El problema es que no sintiendo, vivimos con el trauma en el cuerpo. Sólo sintiendo eso que es tan desagradable en el cuerpo, podemos por fin completar esa experiencia traumática de nuestra vida. Es lo que en la terapia Gestalt se llama “integrar”.

Muchas veces, las personas traumatizadas tenemos que volver a aprender activamente cómo sentir sensaciones en el cuerpo, para “ocupar” el cuerpo nuevamente, hacerlo nuestro nuevamente, ya que no tenemos un cuerpo sino que somos un cuerpo.

“No tenemos un cuerpo, sino que somos un cuerpo” Alexander Lowen, creador de la bioenergética.

Simplemente tener la voluntad de estar presente mientras se detectan algunas sensaciones básicas es un paso súper importante para volver a sentirnos seguros/seguras en nuestro propio cuerpo.

La “sensación sentida” es un ejercicio simple pero poderoso para recuperarse del Síndrome de Estrés Post-Traumático Complejo. Muchos/muchas supervivientes tienden a estar mucho tiempo en la mente, pensando que ahí encontrarán la solución a sus problemas. Se atascan buscándole un porqué racional a todo. Parte de la solución está en simplemente dejarse sentir lo que hay, por muy desagradable que sea. Es pasajero y después llega una vida más plena en equilibrio y con más conexión contigo misma/mismo.

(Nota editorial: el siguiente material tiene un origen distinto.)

theorem theorem2:
  fixes C :: "real ^ 'n ^ 'n" and \<theta> :: "real ^ 'n::finite" and l :: 'n
  assumes n2: "CARD('n) \<ge> 2"
    and C_rs: "row_stochastic C"
    and C_diag: "\<forall>i. C $ i $ i = 0"
    and th_range: "\<forall>i. 0 \<le> \<theta> $ i \<and> \<theta> $ i < 1"
    and th_pos: "\<exists>j. 0 < \<theta> $ j"
    and star: "star_topology C l"
    and th_l: "\<theta> $ l = 0"
  shows "\<exists>xs. (\<forall>x. equilibrium_A \<theta> C x \<longleftrightarrow> x = xs)
          \<and> (\<forall>x. (\<exists>V. equilibrium_B \<theta> C V x) \<longleftrightarrow> x = xs)
          \<and> xs \<in> int_std_simplex
          \<and> (\<forall>i. \<theta> $ i = 0 \<and> i \<noteq> l \<longrightarrow> xs $ i = 1 / real CARD('n))
          \<and> (\<forall>i. 0 < \<theta> $ i \<longrightarrow>
                xs $ i = (real CARD('n) - sqrt ((real CARD('n))\<^sup>2
                            - 4 * real CARD('n) * \<theta> $ i * (1 - \<theta> $ i)))
                          / (2 * real CARD('n) * \<theta> $ i)
              \<and> xs $ i < 1 / real CARD('n))
          \<and> (\<forall>s t::real. 0 < s \<and> s < t \<and> t < 1 \<longrightarrow>
                (real CARD('n) - sqrt ((real CARD('n))\<^sup>2 - 4 * real CARD('n) * t * (1 - t)))
                  / (2 * real CARD('n) * t)
              < (real CARD('n) - sqrt ((real CARD('n))\<^sup>2 - 4 * real CARD('n) * s * (1 - s)))
                  / (2 * real CARD('n) * s))
          \<and> xs $ l = 1 / real CARD('n) + (1 / real CARD('n)) *
                (\<Sum>j\<in>{j. 0 < \<theta> $ j}. \<theta> $ j * (1 - xs $ j) / (1 - \<theta> $ j * xs $ j))
          \<and> xs $ l > 1 / real CARD('n)"
proof -
  interpret star_network C \<theta> l using C_rs star th_range th_l by unfold_locales
  let ?xs = "star_equilibrium \<theta> l"
  have N: "real CARD('n) \<ge> 2" using n2 by simp
  have xs_simplex: "?xs \<in> std_simplex"
    using star_equilibrium_in_int_std_simplex[OF n2]
    by (auto simp: int_std_simplex_def std_simplex_def less_imp_le)
  have "equilibrium_A \<theta> C x \<longleftrightarrow> x = ?xs" for x
    using equilibrium_A_iff star_map_fixed_point_iff[OF n2] xs_simplex by blast
  moreover have "(\<exists>V. equilibrium_B \<theta> C V x) \<longleftrightarrow> x = ?xs" for x
    using equilibrium_B_iff star_map_fixed_point_iff[OF n2] xs_simplex by blast
  moreover have "?xs $ i = 1 / real CARD('n)" if "\<theta> $ i = 0" "i \<noteq> l" for i
    using that star_equilibrium_leaf[OF n2] by (simp add: leaf_power_def)
  moreover have "?xs $ i = (real CARD('n) - sqrt ((real CARD('n))\<^sup>2
                    - 4 * real CARD('n) * \<theta> $ i * (1 - \<theta> $ i))) / (2 * real CARD('n) * \<theta> $ i)
              \<and> ?xs $ i < 1 / real CARD('n)" if "0 < \<theta> $ i" for i
  proof -
    have "i \<noteq> l" using that th_l by auto
    thus ?thesis using that star_equilibrium_leaf[OF n2] leaf_power_less[OF N] th_range
      by (simp add: leaf_power_def)
  qed
  moreover have "(real CARD('n) - sqrt ((real CARD('n))\<^sup>2 - 4 * real CARD('n) * t * (1 - t)))
                  / (2 * real CARD('n) * t)
              < (real CARD('n) - sqrt ((real CARD('n))\<^sup>2 - 4 * real CARD('n) * s * (1 - s)))
                  / (2 * real CARD('n) * s)" if "0 < s" "s < t" "t < 1" for s t :: real
    using leaf_power_strict_antimono[OF N that] that by (simp add: leaf_power_def)
  ultimately show ?thesis
    using star_equilibrium_in_int_std_simplex[OF n2] star_equilibrium_center[OF n2]
      star_equilibrium_center_gt[OF n2 th_pos]
    by (intro exI[of _ ?xs]) blast
qed

end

El objetivo de la “sensación sentida” es el de desarrollar la capacidad de estar en sintonía y transitar lo que se siente en el cuerpo. Las sensaciones ocurren en niveles sutiles y manifiestos en todas las zonas de tu cuerpo.

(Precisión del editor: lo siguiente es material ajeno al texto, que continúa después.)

section \<open>The resonance integral\<close>

lemma nn_integral_square_substitution_le:
  fixes h :: "real \<Rightarrow> real"
  assumes "continuous_on UNIV h" and h_nonneg: "\<And>u. 0 \<le> h u"
  shows "(\<integral>\<^sup>+s. ennreal (2 * s * h (s\<^sup>2) * indicator {0..} s) \<partial>lborel) \<le> (\<integral>\<^sup>+u. h u \<partial>lborel)"
proof -
  have [measurable]: "h \<in> borel_measurable borel"
    using assms(1) by (rule borel_measurable_continuous_onI)
  define f where "f i s = ennreal (2 * s * h (s\<^sup>2) * indicator {0..real i} s)" for i :: nat and s
  have "incseq f"
    by (auto simp: incseq_def le_fun_def f_def h_nonneg split: split_indicator intro!: ennreal_leI)
  have sup_f: "(SUP i. f i s) = ennreal (2 * s * h (s\<^sup>2) * indicator {0..} s)" for s
  proof (rule LIMSEQ_unique[OF LIMSEQ_SUP])
    show "incseq (\<lambda>i. f i s)"
      using \<open>incseq f\<close> by (auto simp: incseq_def le_fun_def)
    obtain n where "s < real n"
      using reals_Archimedean2 by blast
    then have "\<forall>\<^sub>F i in sequentially. f i s = ennreal (2 * s * h (s\<^sup>2) * indicator {0..} s)"
      by (auto simp: f_def frequently_def intro!: eventually_sequentiallyI[of n] split: split_indicator)
    then show "(\<lambda>i. f i s) \<longlonglongrightarrow> ennreal (2 * s * h (s\<^sup>2) * indicator {0..} s)"
      by (rule tendsto_eventually)
  qed
  have bounded: "(\<integral>\<^sup>+s. f i s \<partial>lborel) \<le> (\<integral>\<^sup>+u. h u \<partial>lborel)" for i
  proof -
    have "(\<integral>\<^sup>+s. f i s \<partial>lborel) = (\<integral>\<^sup>+s. ennreal (h (s\<^sup>2) * (2 * s) * indicator {0..real i} s) \<partial>lborel)"
      by (simp add: f_def mult_ac)
    also have "\<dots> = (\<integral>\<^sup>+u. ennreal (h u * indicator {0\<^sup>2..(real i)\<^sup>2} u) \<partial>lborel)"
      by (rule nn_integral_substitution[symmetric, where g="\<lambda>x. x\<^sup>2" and g'="\<lambda>x. 2 * x"])
        (auto intro!: derivative_eq_intros continuous_intros simp: set_borel_measurable_def)
    also have "\<dots> \<le> (\<integral>\<^sup>+u. h u \<partial>lborel)"
      by (intro nn_integral_mono ennreal_leI) (auto simp: h_nonneg indicator_def)
    finally show ?thesis .
  qed
  have "(\<integral>\<^sup>+s. ennreal (2 * s * h (s\<^sup>2) * indicator {0..} s) \<partial>lborel) = (SUP i. \<integral>\<^sup>+s. f i s \<partial>lborel)"
    unfolding sup_f[symmetric]
    by (rule nn_integral_monotone_convergence_SUP[OF \<open>incseq f\<close>]) (unfold f_def, measurable)
  also have "\<dots> \<le> (\<integral>\<^sup>+u. h u \<partial>lborel)"
    by (rule SUP_least) (rule bounded)
  finally show ?thesis .
qed

lemma nn_integral_abs_square_substitution_le:
  fixes h :: "real \<Rightarrow> real"
  assumes "continuous_on UNIV h" and h_nonneg: "\<And>u. 0 \<le> h u"
  shows "(\<integral>\<^sup>+s. ennreal (\<bar>s\<bar> * h (s\<^sup>2)) \<partial>lborel) \<le> (\<integral>\<^sup>+u. h u \<partial>lborel)"
proof -
  have [measurable]: "h \<in> borel_measurable borel"
    using assms(1) by (rule borel_measurable_continuous_onI)
  define half where "half = (\<integral>\<^sup>+s. ennreal (s * h (s\<^sup>2) * indicator {0..} s) \<partial>lborel)"
  have "(\<integral>\<^sup>+s. ennreal (\<bar>s\<bar> * h (s\<^sup>2)) \<partial>lborel)
      \<le> (\<integral>\<^sup>+s. ennreal (s * h (s\<^sup>2) * indicator {0..} s)
             + ennreal ((-s) * h ((-s)\<^sup>2) * indicator {0..} (-s)) \<partial>lborel)"
    by (intro nn_integral_mono) (auto simp: indicator_def h_nonneg intro!: ennreal_leI)
  also have "\<dots> = half + (\<integral>\<^sup>+s. ennreal ((-s) * h ((-s)\<^sup>2) * indicator {0..} (-s)) \<partial>lborel)"
    unfolding half_def by (rule nn_integral_add) auto
  also have "(\<integral>\<^sup>+s. ennreal ((-s) * h ((-s)\<^sup>2) * indicator {0..} (-s)) \<partial>lborel) = half"
    unfolding half_def by (subst nn_integral_real_affine[where c="-1" and t=0]) auto
  also have "half + half = (\<integral>\<^sup>+s. 2 * ennreal (s * h (s\<^sup>2) * indicator {0..} s) \<partial>lborel)"
    unfolding half_def mult_2[symmetric] by (rule nn_integral_cmult[symmetric]) simp
  also have "\<dots> = (\<integral>\<^sup>+s. ennreal (2 * s * h (s\<^sup>2) * indicator {0..} s) \<partial>lborel)"
    by (intro nn_integral_cong) (simp add: ennreal_mult' mult.assoc)
  also have "\<dots> \<le> (\<integral>\<^sup>+u. h u \<partial>lborel)"
    by (intro nn_integral_square_substitution_le assms)
  finally show ?thesis .
qed

text \<open>The resonance x^3 + (\<xi> - x)^3 = \<xi>^3/4 + 3\<xi>(x - \<xi>/2)^2 is quadratic in x - \<xi>/2, and the
  Jacobian of u = (x - \<xi>/2)^2 cancels the weight \<bar>\<xi>\<bar> \<bar>2x - \<xi>\<bar>.\<close>
lemma resonance_integral_le:
  fixes \<xi> E b :: real
  shows "(\<integral>\<^sup>+x. ennreal (\<bar>\<xi>\<bar> * \<bar>2 * x - \<xi>\<bar> * japanese_weight b (E - x^3 - (\<xi> - x)^3)) \<partial>lborel)
    \<le> ennreal (2/3) * (\<integral>\<^sup>+s. japanese_weight b s \<partial>lborel)"
proof (cases "\<xi> = 0")
  case True
  then show ?thesis by simp
next
  case False
  define E' where "E' = E - \<xi>^3 / 4"
  define h where "h u = 3 * \<bar>\<xi>\<bar> * japanese_weight b (E' - 3 * \<xi> * u)" for u
  have h_cont: "continuous_on UNIV h"
    unfolding h_def by (intro continuous_intros)
  have h_nonneg: "0 \<le> h u" for u
    unfolding h_def by (simp add: japanese_weight_nonneg)
  have [measurable]: "h \<in> borel_measurable borel"
    using h_cont by (rule borel_measurable_continuous_onI)
  have resonance: "E - (\<xi>/2 + 1 * s)^3 - (\<xi> - (\<xi>/2 + 1 * s))^3 = E' - 3 * \<xi> * s\<^sup>2" for s
    unfolding E'_def by (simp add: power3_eq_cube power2_eq_square field_simps)
  have "(\<integral>\<^sup>+x. ennreal (\<bar>\<xi>\<bar> * \<bar>2 * x - \<xi>\<bar> * japanese_weight b (E - x^3 - (\<xi> - x)^3)) \<partial>lborel)
      = (\<integral>\<^sup>+s. ennreal (\<bar>\<xi>\<bar> * \<bar>2 * (\<xi>/2 + 1 * s) - \<xi>\<bar>
          * japanese_weight b (E - (\<xi>/2 + 1 * s)^3 - (\<xi> - (\<xi>/2 + 1 * s))^3)) \<partial>lborel)"
    by (subst nn_integral_real_affine[where c=1 and t="\<xi>/2"]) auto
  also have "\<dots> = (\<integral>\<^sup>+s. ennreal (2/3) * ennreal (\<bar>s\<bar> * h (s\<^sup>2)) \<partial>lborel)"
    by (intro nn_integral_cong)
      (simp only: resonance, simp add: h_def abs_mult japanese_weight_nonneg flip: ennreal_mult)
  also have "\<dots> = ennreal (2/3) * (\<integral>\<^sup>+s. ennreal (\<bar>s\<bar> * h (s\<^sup>2)) \<partial>lborel)"
    by (rule nn_integral_cmult) measurable
  also have "(\<integral>\<^sup>+s. ennreal (\<bar>s\<bar> * h (s\<^sup>2)) \<partial>lborel) \<le> (\<integral>\<^sup>+u. h u \<partial>lborel)"
    by (rule nn_integral_abs_square_substitution_le[OF h_cont h_nonneg])
  also have "(\<integral>\<^sup>+u. h u \<partial>lborel) = (\<integral>\<^sup>+s. japanese_weight b s \<partial>lborel)"
  proof -
    have "(\<integral>\<^sup>+s. japanese_weight b s \<partial>lborel)
        = ennreal (3 * \<bar>\<xi>\<bar>) * (\<integral>\<^sup>+u. japanese_weight b (E' + (-3 * \<xi>) * u) \<partial>lborel)"
      using False nn_integral_real_affine[of "\<lambda>s. ennreal (japanese_weight b s)" "-3 * \<xi>" E']
      by (simp add: abs_mult)
    also have "\<dots> = (\<integral>\<^sup>+u. h u \<partial>lborel)"
      by (subst nn_integral_cmult[symmetric])
        (auto simp: h_def ennreal_mult japanese_weight_nonneg intro!: nn_integral_cong)
    finally show ?thesis ..
  qed
  finally show ?thesis
    by (simp add: mult_left_mono)
qed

Ejercicio sobre la “sensación sentida” extraído del libro de Peter A. Levine “Despertando al Tigre: Sanando el Trauma.”

Siéntate o acuéstate en un lugar tranquilo donde puedas concentrarte cómodamente. Ponte lo más cómoda/cómodo posible. Siente la forma en que tu cuerpo hace contacto con la superficie que te estás apoyando. Siente la piel y observa cómo sientes tu ropa. ¿Qué sensaciones hay? ¿Cómo sabes que te sientes cómoda/cómodo? ¿Qué sensaciones físicas contribuyen a la sensación general de confort? ¿Ser más consciente de estas sensaciones te hace sentir más o menos cómoda/cómodo? ¿Esto cambia con el tiempo?

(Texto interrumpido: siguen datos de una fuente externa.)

(* Let $\mathcal B$ be a connected building set on $[n+1]$ whose nested set complex $K_{\mathcal B}$ is a flag complex. Then for every subset $I\subseteq[n+1]$ of even cardinality, the complex $(K_{\mathcal B})_I$ is homotopy equivalent to $K^{\mathrm{odd}}_{\mathcal B|_I}$.
   Context: A building set on a finite set $S\subset\mathbb N$ is a collection $\mathcal B$ of nonempty subsets of $S$ containing every singleton, such that $I,J\in\mathcal B$, $I\cap J\neq\emptyset$ imply $I\cup J\in\mathcal B$; its connected components are its inclusion-maximal elements; it is connected if $S\in\mathcal B$; $\mathcal B|_I=\{J\in\mathcal B:J\subseteq I\}$. For a connected building set $\mathcal B$ on $[n+1]$, the nested set complex $K_{\mathcal B}$ is the simplicial complex on vertex set $\mathcal B\setminus\{[n+1]\}$ whose simplices are the subsets $N\subseteq\mathcal B\setminus\{[n+1]\}$ such that (i) any $I,J\in N$ satisfy $I\subseteq J$, $J\subseteq I$ or $I\cap J=\emptyset$, and (ii) for any $r\ge2$ pairwise disjoint $I_1,\dots,I_r\in N$, $I_1\cup\dots\cup I_r\notin\mathcal B$. A simplicial complex is flag if every set of vertices that are pairwise joined by edges forms a simplex. For $I\subseteq[n+1]$ of even cardinality, $(K_{\mathcal B})_I$ is the full subcomplex of $K_{\mathcal B}$ induced on the vertices $J$ with $|J\cap I|$ odd, and $K^{\mathrm{odd}}_{\mathcal B|_I}$ is the full subcomplex of $K_{\mathcal B}$ induced on the vertices $J\in\mathcal B$ with $J\subseteq I$ and $|J|$ odd. *)

theory Defs
  imports "HOL-Analysis.Analysis"
begin

definition building_set :: "nat set \<Rightarrow> nat set set \<Rightarrow> bool" where
  "building_set S B \<longleftrightarrow> finite S \<and> (\<forall>J\<in>B. J \<noteq> {} \<and> J \<subseteq> S) \<and> (\<forall>i\<in>S. {i} \<in> B) \<and>
     (\<forall>I\<in>B. \<forall>J\<in>B. I \<inter> J \<noteq> {} \<longrightarrow> I \<union> J \<in> B)"

definition connected_building_set :: "nat set \<Rightarrow> nat set set \<Rightarrow> bool" where
  "connected_building_set S B \<longleftrightarrow> building_set S B \<and> S \<in> B"

definition restrict_bs :: "nat set set \<Rightarrow> nat set \<Rightarrow> nat set set" where
  "restrict_bs B I = {J \<in> B. J \<subseteq> I}"

text \<open>Simplicial complexes are represented as their set of faces (finite vertex sets),
  including the empty face.\<close>

definition nested_set_complex :: "nat set \<Rightarrow> nat set set \<Rightarrow> nat set set set" where
  "nested_set_complex S B = {N. N \<subseteq> B - {S} \<and>
     (\<forall>I\<in>N. \<forall>J\<in>N. I \<subseteq> J \<or> J \<subseteq> I \<or> I \<inter> J = {}) \<and>
     (\<forall>M\<subseteq>N. 2 \<le> card M \<and> (\<forall>I\<in>M. \<forall>J\<in>M. I \<noteq> J \<longrightarrow> I \<inter> J = {}) \<longrightarrow> \<Union>M \<notin> B)}"

definition vertices :: "'v set set \<Rightarrow> 'v set" where
  "vertices K = {v. {v} \<in> K}"

definition flag_complex :: "'v set set \<Rightarrow> bool" where
  "flag_complex K \<longleftrightarrow> (\<forall>N. finite N \<and> N \<subseteq> vertices K \<and>
      (\<forall>u\<in>N. \<forall>v\<in>N. u \<noteq> v \<longrightarrow> {u, v} \<in> K) \<longrightarrow> N \<in> K)"

definition full_subcomplex :: "'v set set \<Rightarrow> 'v set \<Rightarrow> 'v set set" where
  "full_subcomplex K W = {\<sigma> \<in> K. \<sigma> \<subseteq> W}"

definition K_sub :: "nat set \<Rightarrow> nat set set \<Rightarrow> nat set \<Rightarrow> nat set set set" where
  "K_sub S B I = full_subcomplex (nested_set_complex S B)
      {J \<in> vertices (nested_set_complex S B). odd (card (J \<inter> I))}"

definition K_odd :: "nat set \<Rightarrow> nat set set \<Rightarrow> nat set \<Rightarrow> nat set set set" where
  "K_odd S B I = full_subcomplex (nested_set_complex S B)
      {J \<in> vertices (nested_set_complex S B). J \<in> restrict_bs B I \<and> odd (card J)}"

text \<open>Geometric realization of a (finite) simplicial complex K: points are
  barycentric coordinate functions whose support is a nonempty face of K, with the
  subspace topology of the product topology on functions 'v \<Rightarrow> real.\<close>
definition realization :: "'v set set \<Rightarrow> ('v \<Rightarrow> real) topology" where
  "realization K = top_of_set {f. (\<forall>v. 0 \<le> f v) \<and> finite {v. f v \<noteq> 0} \<and>
       {v. f v \<noteq> 0} \<in> K \<and> sum f {v. f v \<noteq> 0} = 1}"

end

theory Submission
  imports Defs
begin

text \<open>Delete the vertices J of (K_B)_I that are not vertices of K^odd one at a time,
  always one of smallest cardinality. Such a J is not contained in I and |J \<inter> I| is odd;
  the connected components of B restricted to J \<inter> I partition J \<inter> I, so one of them, C,
  has odd cardinality, and C is a vertex of K^odd. Every remaining vertex compatible with J
  is compatible with C (a vertex properly inside J has already been removed unless it lies
  in I), so by flagness J is dominated by C. Deleting a dominated vertex does not change
  the homotopy type: pushing the barycentric weight of J onto C is a deformation retraction.\<close>

definition realization_points :: "'v set set \<Rightarrow> ('v \<Rightarrow> real) set" where
  "realization_points K = {f. (\<forall>v. 0 \<le> f v) \<and> finite {v. f v \<noteq> 0} \<and> {v. f v \<noteq> 0} \<in> K \<and>
     sum f {v. f v \<noteq> 0} = 1}"

lemma realization_eq_top_of_set: "realization K = top_of_set (realization_points K)"
  by (simp add: realization_def realization_points_def)

lemma realization_points_full_subcomplex_iff:
  "f \<in> realization_points (full_subcomplex K W) \<longleftrightarrow>
     f \<in> realization_points K \<and> {v. f v \<noteq> 0} \<subseteq> W"
  by (auto simp: realization_points_def full_subcomplex_def)

definition move_weight :: "'v \<Rightarrow> 'v \<Rightarrow> real \<Rightarrow> ('v \<Rightarrow> real) \<Rightarrow> 'v \<Rightarrow> real" where
  "move_weight v w t f = (\<lambda>u. f u + (if u = w then t * f v else 0) - (if u = v then t * f v else 0))"

lemma move_weight_support: "{u. move_weight v w t f u \<noteq> 0} \<subseteq> insert w {u. f u \<noteq> 0}"
  by (auto simp: move_weight_def split: if_splits)

lemma move_weight_eq_self: "f v = 0 \<Longrightarrow> move_weight v w t f = f"
  by (auto simp: move_weight_def fun_eq_iff)

lemma move_weight_0: "move_weight v w 0 f = f"
  by (simp add: move_weight_def fun_eq_iff)

lemma sum_move_weight:
  assumes "finite T" "v \<in> T" "w \<in> T"
  shows "sum (move_weight v w t f) T = sum f T"
  using assms by (simp add: move_weight_def sum.distrib sum_subtractf)

lemma continuous_on_move_weight [continuous_intros]:
  fixes f :: "'a::topological_space \<Rightarrow> 'v \<Rightarrow> real"
  assumes "continuous_on S t" "continuous_on S f"
  shows "continuous_on S (\<lambda>z. move_weight v w (t z) (f z))"
proof (rule continuous_on_coordinatewise_then_product)
  have f: "continuous_on S (\<lambda>z. f z u)" for u
    by (rule continuous_on_product_then_coordinatewise[OF assms(2)])
  show "continuous_on S (\<lambda>z. move_weight v w (t z) (f z) u)" for u
    unfolding move_weight_def using assms(1) f
    by (cases "u = w"; cases "u = v"; simp; intro continuous_intros assms(1) f)
qed

definition downward_closed :: "'v set set \<Rightarrow> bool" where
  "downward_closed K \<longleftrightarrow> (\<forall>\<sigma>\<in>K. \<forall>\<tau>. \<tau> \<subseteq> \<sigma> \<longrightarrow> \<tau> \<in> K)"

text \<open>The link of v in the full subcomplex on W is a cone with apex w.\<close>
definition dominated_in :: "'v set set \<Rightarrow> 'v set \<Rightarrow> 'v \<Rightarrow> 'v \<Rightarrow> bool" where
  "dominated_in K W v w \<longleftrightarrow> v \<in> W \<and> w \<in> W \<and> v \<noteq> w \<and>
     (\<forall>\<sigma>\<in>K. \<sigma> \<subseteq> W \<and> v \<in> \<sigma> \<longrightarrow> insert w \<sigma> \<in> K)"

lemma sum_over_support:
  assumes "finite T" "{v. g v \<noteq> 0} \<subseteq> T"
  shows "sum g {v. g v \<noteq> 0} = sum g T"
  using assms by (intro sum.mono_neutral_left) auto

 Ejemplos de Sensaciones Corporales

  1. presión: sensación uniforme, desigual, de apoyo, sensación de aplastamiento, interrupción de la circulación.
  2. tensión: sólida, densa, cálida, fría, inflamada, protectora.
  3. dolor: agudo, punzante, leve, punzante.
  4. hormigueo: pinchazos, vibración, cosquillas, entumecimiento.
  5. picor: leve, irritante, sutil, picor, intenso.
  6. temperatura: cálida, caliente, ardiente, fría, húmeda, helada, congelada.